Author Response File:
Author Response.pdf
Reviewer 3 Report
Comments and Suggestions for AuthorsThis paper proposes a Robotic Ultrasound Scanning System (RUSS) that leverages reinforcement learning (DQN with LSTM) to automate the acquisition of standard liver ultrasound planes. The approach addresses the critical issue of operator dependency in ultrasound imaging and demonstrates feasibility through real-world trials, showing measurable performance via PSNR. The study’s novelty lies in integrating deep reinforcement learning with robotic control for clinical imaging, highlighting a promising direction toward automation in medical diagnostics.
However, there are some comments that authors need to consider in order to improve the quality of the manuscript:
- Summarize/highlight the main contributions of the paper at the end of introduction.
- It would be good if the authors separte the related work in a different section after the introudction. Provide a full background theory of the RL methods, segmentation methods, what are othre models of segmentations have been used for medical image segmentation.

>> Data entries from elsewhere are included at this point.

(* If a set of reals $X$ satisfies $\binom{\Omega}{\mathrm T^*}$, then for every $k\ge1$ the power $X^k$ satisfies $\binom{\Omega}{\mathrm T^*}$.
   Context: A set of reals is an infinite topological space homeomorphic to a subset of $\mathbb R$. A cover of a space $X$ is a family $\mathcal U$ of subsets of $X$ with $\bigcup\mathcal U=X$ such that $X\not\subseteq U$ for all $U\in\mathcal U$; it is an $\omega$-cover if every finite subset of $X$ is contained in some member. For a countable cover $\mathcal U=\{U_n\}_{n\in a}$ ($a\subseteq\mathbb N$, enumeration bijective) define $h_{\mathcal U}:X\to P(\mathbb N)$ by $h_{\mathcal U}(x)=\{n\in a: x\in U_n\}$. For $a,b\subseteq\mathbb N$, $a\subseteq^* b$ means $a\setminus b$ is finite. A family $Y$ of infinite subsets of $\mathbb N$ is linearly refinable if for each $y\in Y$ there is an infinite $\hat y\subseteq y$ such that $\{\hat y: y\in Y\}$ is linearly ordered by $\subseteq^*$. A countable cover $\mathcal U$ of $X$ is a $\tau^*$-cover if $h_{\mathcal U}[X]$ consists of infinite sets and is linearly refinable. $\Omega$ denotes the collection of open $\omega$-covers of the space, and $\mathrm T^*$ the collection of countable open $\tau^*$-covers. A space satisfies $\binom{\mathfrak U}{\mathfrak V}$ if every $\mathcal U\in\mathfrak U$ has a subfamily belonging to $\mathfrak V$. *)

theory Defs
  imports "HOL-Analysis.Analysis"
begin

definition is_cover :: "'a topology \<Rightarrow> 'a set set \<Rightarrow> bool" where
  "is_cover T \<U> \<longleftrightarrow> \<Union>\<U> = topspace T \<and> (\<forall>U\<in>\<U>. \<not> topspace T \<subseteq> U)"

definition omega_cover :: "'a topology \<Rightarrow> 'a set set \<Rightarrow> bool" where
  "omega_cover T \<U> \<longleftrightarrow> is_cover T \<U> \<and>
     (\<forall>F. finite F \<and> F \<subseteq> topspace T \<longrightarrow> (\<exists>U\<in>\<U>. F \<subseteq> U))"

definition almost_subset :: "nat set \<Rightarrow> nat set \<Rightarrow> bool" where
  "almost_subset a b \<longleftrightarrow> finite (a - b)"

definition linearly_refinable :: "nat set set \<Rightarrow> bool" where
  "linearly_refinable Y \<longleftrightarrow>
     (\<exists>r. (\<forall>y\<in>Y. r y \<subseteq> y \<and> infinite (r y)) \<and>
          (\<forall>y\<in>Y. \<forall>z\<in>Y. almost_subset (r y) (r z) \<or> almost_subset (r z) (r y)))"
(* Let $S_1,S_2$ be solids of $\mathrm{PG}(6,q)$ with $\dim(S_1\cap S_2)\le 1$ and let $P$ be a point not contained in $S_1\cup S_2$. Then the number of planes that contain $P$ and meet both $S_1$ and $S_2$ non-trivially is at most $2q^6+2q^5+3q^4+2q^3+2q^2+q+1$.
   Context: Dimensions are projective (planes 2, solids 3). *)

theory Defs
  imports "HOL-Analysis.Analysis"
begin

text \<open>PG(n,q) is modelled via the underlying vector space ('a::{finite,field})^(n+1),
  with q = CARD('a). A projective subspace of projective dimension d is a linear
  subspace of vector dimension d+1 (points: d=0, lines: 1, planes: 2, solids: 3).\<close>

definition proj_subspace :: "nat \<Rightarrow> ('a::field ^ 'n) set \<Rightarrow> bool" where
  "proj_subspace d W \<longleftrightarrow> vec.subspace W \<and> vec.dim W = d + 1"

end

theory Submission
  imports Defs
begin

text \<open>Let \<open>T\<^sub>i\<close> be the span of \<open>S\<^sub>i\<close> and \<open>P\<close> and \<open>J = T\<^sub>1 \<inter> T\<^sub>2\<close>. Since the solids
  meet in at most a line, \<open>J\<close> is a plane or a solid through \<open>P\<close> meeting each \<open>S\<^sub>i\<close> in a
  subspace of codimension one in \<open>J\<close>. A plane \<open>\<pi>\<close> through \<open>P\<close> either lies in \<open>J\<close>, or meets
  \<open>J\<close> in a line, or meets \<open>J\<close> only in \<open>P\<close>; in the last case the points in which \<open>\<pi>\<close> meets
  \<open>S\<^sub>1\<close> and \<open>S\<^sub>2\<close> lie outside \<open>J\<close> and, together with \<open>P\<close>, determine \<open>\<pi>\<close>. Each class is
  bounded by double counting pairs of vectors that span \<open>\<pi>\<close> together with \<open>P\<close>, and the
  three bounds add up to at most the claimed polynomial whether \<open>J\<close> is a plane or a solid.\<close>

context finite_dimensional_vector_space
begin
lemma lcs2_subset_normal_closure_gC:
  "lcs 2 \<subseteq> generate Gbar {g \<star> gC \<star> Gbar_inv g | g. g \<in> \<Gamma>}"
proof -
  let ?NC = "generate Gbar {g \<star> gC \<star> Gbar_inv g | g. g \<in> \<Gamma>}"
  have C: "gC \<in> \<Gamma>"
    by (simp add: gC_def)
  have normal: "?NC \<lhd> Gbar"
  proof (rule Gbar.normal_generateI)
    fix h g assume "h \<in> {g \<star> gC \<star> Gbar_inv g | g. g \<in> \<Gamma>}" and g: "g \<in> \<Gamma>"
    then obtain g' where g': "g' \<in> \<Gamma>" "h = g' \<star> gC \<star> Gbar_inv g'"
      by blast
    then have "g \<star> h \<star> Gbar_inv g = (g \<star> g') \<star> gC \<star> Gbar_inv (g \<star> g')"
      using g C by (simp add: Gbar.word_simps)
    then show "g \<star> h \<star> Gbar_inv g \<in> {g \<star> gC \<star> Gbar_inv g | g. g \<in> \<Gamma>}"
      using g g' by blast
  qed (use C in auto)
  have "gC = \<one>\<^bsub>Gbar\<^esub> \<star> gC \<star> Gbar_inv \<one>\<^bsub>Gbar\<^esub>"
    using C by simp
  then have C_mem: "gC \<in> ?NC"
    by (blast intro: generate.incl)
  have "gcomm x y \<in> ?NC" if "x \<in> \<Gamma>" "y \<in> \<Gamma>" for x y
  proof (rule Gbar.commutator_mem_normal_generate[OF normal, of "{gA, gB}", unfolded commutator_Gbar])
    fix s t assume "s \<in> {gA, gB}" "t \<in> {gA, gB}"
    then show "gcomm s t \<in> ?NC"
      using C_mem normal.inv_op_closed1[OF normal] gcomm_swap[of gA gB]
        subgroup.m_inv_closed[OF normal_imp_subgroup[OF normal]] subgroup.one_closed[OF normal_imp_subgroup[OF normal]]
      by (auto simp: gC_def)
  qed (use that in \<open>simp_all add: generate_AB\<close>)
  then have "{gcomm x y |x y. x \<in> \<Gamma> \<and> y \<in> \<Gamma>} \<subseteq> ?NC"
    by blast
  then show ?thesis
    unfolding lcs_def using Gbar.generate_subgroup_incl normal_imp_subgroup[OF normal] by simp
qed

lemma gC_mem_lcs2 [simp]: "gC \<in> lcs 2"
  by (simp add: gC_def)

lemma lcs2_subset_carrier: "x \<in> lcs 2 \<Longrightarrow> x \<in> \<Gamma>"
  using lcs_subset_carrier by blast

lemma lcs3_subset_lcs2: "x \<in> lcs 3 \<Longrightarrow> x \<in> lcs 2"
  using lcs_Suc_subset[of 2] by auto

lemma lcs4_subset_lcs3: "x \<in> lcs 4 \<Longrightarrow> x \<in> lcs 3"
  using lcs_Suc_subset[of 3] by auto

lemma gcomm_lcs2_mem_lcs3: "x \<in> lcs 2 \<Longrightarrow> y \<in> \<Gamma> \<Longrightarrow> gcomm x y \<in> lcs 3"
  using gcomm_mem_lcs_Suc[of x 2 y] by simp

lemma gcomm_lcs3_mem_lcs4: "x \<in> lcs 3 \<Longrightarrow> y \<in> \<Gamma> \<Longrightarrow> gcomm x y \<in> lcs 4"
  using gcomm_mem_lcs_Suc[of x 3 y] by simp

lemma gcomm_lcs3_mem_lcs4': "x \<in> lcs 3 \<Longrightarrow> y \<in> \<Gamma> \<Longrightarrow> gcomm y x \<in> lcs 4"
  using gcomm_mem_lcs_Suc'[of x 3 y] by simp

- Do models like SAM (segment anything model) can be used in this study, discuss it.
-
The validation is limited to only three real-world trials, which is insufficient to claim robust generalizability.
- Provide more details for the Figure 5. LSTM-DQN network. i.e., the sub-blocks and modules in this figure.
- It would be good if see more details in the caption of the figures.
-
PSNR alone is not a comprehensive clinical evaluation metric; additional image quality or diagnostic accuracy measures are needed.
-
The description of experimental setup, patient diversity, and comparison with baselines (e.g., manual expert scanning or alternative algorithms) is unclear.
-
Lack of discussion on safety, practical deployment challenges, and computational efficiency of the system in clinical workflows.
- What are the limitation of the model, discuss it, show some failure cases.
- Please use new reference from recent years, like 2023-2025.
Author Response
Please refer to the attached rebuttal file.
Author Response File:
Author Response.pdf
Round 2
Reviewer 1 Report
Comments and Suggestions for AuthorsI have reviewed the revised manuscript and I am pleased to report that the authors have made substantial improvements in response to my previous comments. The manuscript now addresses the key concerns I raised, and the revisions enhance both the clarity and depth of the work. I recommend that the manuscript be accepted for publication in its current form.
Reviewer 2 Report
Comments and Suggestions for AuthorsThe paper has been well addressed according to the comments in last round, and I have no more concerns.
Reviewer 3 Report
Comments and Suggestions for AuthorsThe authors adderssed my previous comments clearly, and the manuscript is in a good shape.